Now set all variables to 1 (as an example), except for f. Let F vary from
-10 to 10 (ie. linspace(-10,10,1000)). Plot the Cost as a function of F.
Then, in the region of the "minimum" shown on the plot, zoom F (ie.
linspace(0.002,0.002,1000) or whatever). Again plot the function. Zoom
again and again, until the gradient doesn't look as if there can be any
more surprises hidden there. What happens in this region is that it looks
like a minimum when you look at it at first. By zooming repeatedly, one
sees that it is in fact two local minima and a maxima very close together
(I think it was of the order of 10^-9 from each other!)

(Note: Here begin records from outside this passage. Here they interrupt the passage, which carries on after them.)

lemma C0_kernel_ramp_diff:
  assumes "t \<ge> 0"
  shows "C0 (\<lambda>x. K t (ramp a) x - K t (ramp b) x)"
proof -
  have "C0 (K t (\<lambda>y. ramp a y - ramp b y))"
    using feller_P C0_ramp_diff assms unfolding feller_def by blast
  moreover have "K t (\<lambda>y. ramp a y - ramp b y) = (\<lambda>x. K t (ramp a) x - K t (ramp b) x)"
    using kernel_ramp_diff[OF assms] by (intro ext)
  ultimately show ?thesis by simp
qed

lemma uniform_limit_kernel_ramp_diff:
  "uniform_limit UNIV (\<lambda>t x. K t (ramp a) x - K t (ramp b) x) (\<lambda>x. ramp a x - ramp b x) (at_right 0)"
proof -
  have "uniform_limit UNIV (\<lambda>t. K t (\<lambda>y. ramp a y - ramp b y)) (\<lambda>x. ramp a x - ramp b x) (at_right 0)"
    using feller_P C0_ramp_diff unfolding feller_def by blast
  moreover have "eventually (\<lambda>t. \<forall>x\<in>UNIV. K t (\<lambda>y. ramp a y - ramp b y) x = K t (ramp a) x - K t (ramp b) x) (at_right 0)"
    using eventually_at_right_less[of "0::real"] by eventually_elim (simp add: kernel_ramp_diff)
  ultimately show ?thesis
    by (simp add: uniform_limit_cong)
qed

lemma kernel_ramp_level_tendsto_at_top:
  assumes "t \<ge> 0"
  shows "((\<lambda>b. K t (ramp b) x) \<longlongrightarrow> 0) at_top"
proof -
  have "((\<lambda>b. integral\<^sup>L (P t x) (ramp b)) \<longlongrightarrow> integral\<^sup>L (P t x) (\<lambda>_. 0)) at_top"
  proof (rule integral_dominated_convergence_at_top[where w="\<lambda>_. 1"])
    show "AE y in P t x. ((\<lambda>b. ramp b y) \<longlongrightarrow> 0) at_top"
      by (intro AE_I2 tendsto_eventually eventually_mono[OF eventually_ge_at_top] ramp_eq_0)
    show "\<forall>\<^sub>F b in at_top. AE y in P t x. norm (ramp b y) \<le> 1"
      using ramp_nonneg ramp_le_one by simp
  qed (use assms in \<open>auto intro: measurable_P borel_measurable_ramp integrable_P\<close>)
  then show ?thesis
    unfolding kernel_apply_def by simp
qed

(This also happens for some of the other variables.)
Because of the local minima and maxima so close to each other, any
numerical method would find it very difficult to converge. Using a good
optimisation routine to minimise the cost function is just about the only
method that MIGHT work, and even then you might not find the global
minimum. Just remember that the accuracy on variables have to be more
than 10 decimal places, which complicates the problem for the
optimisation routine. (You might give the routine a bit of help by finding
the gradient of the function analytically)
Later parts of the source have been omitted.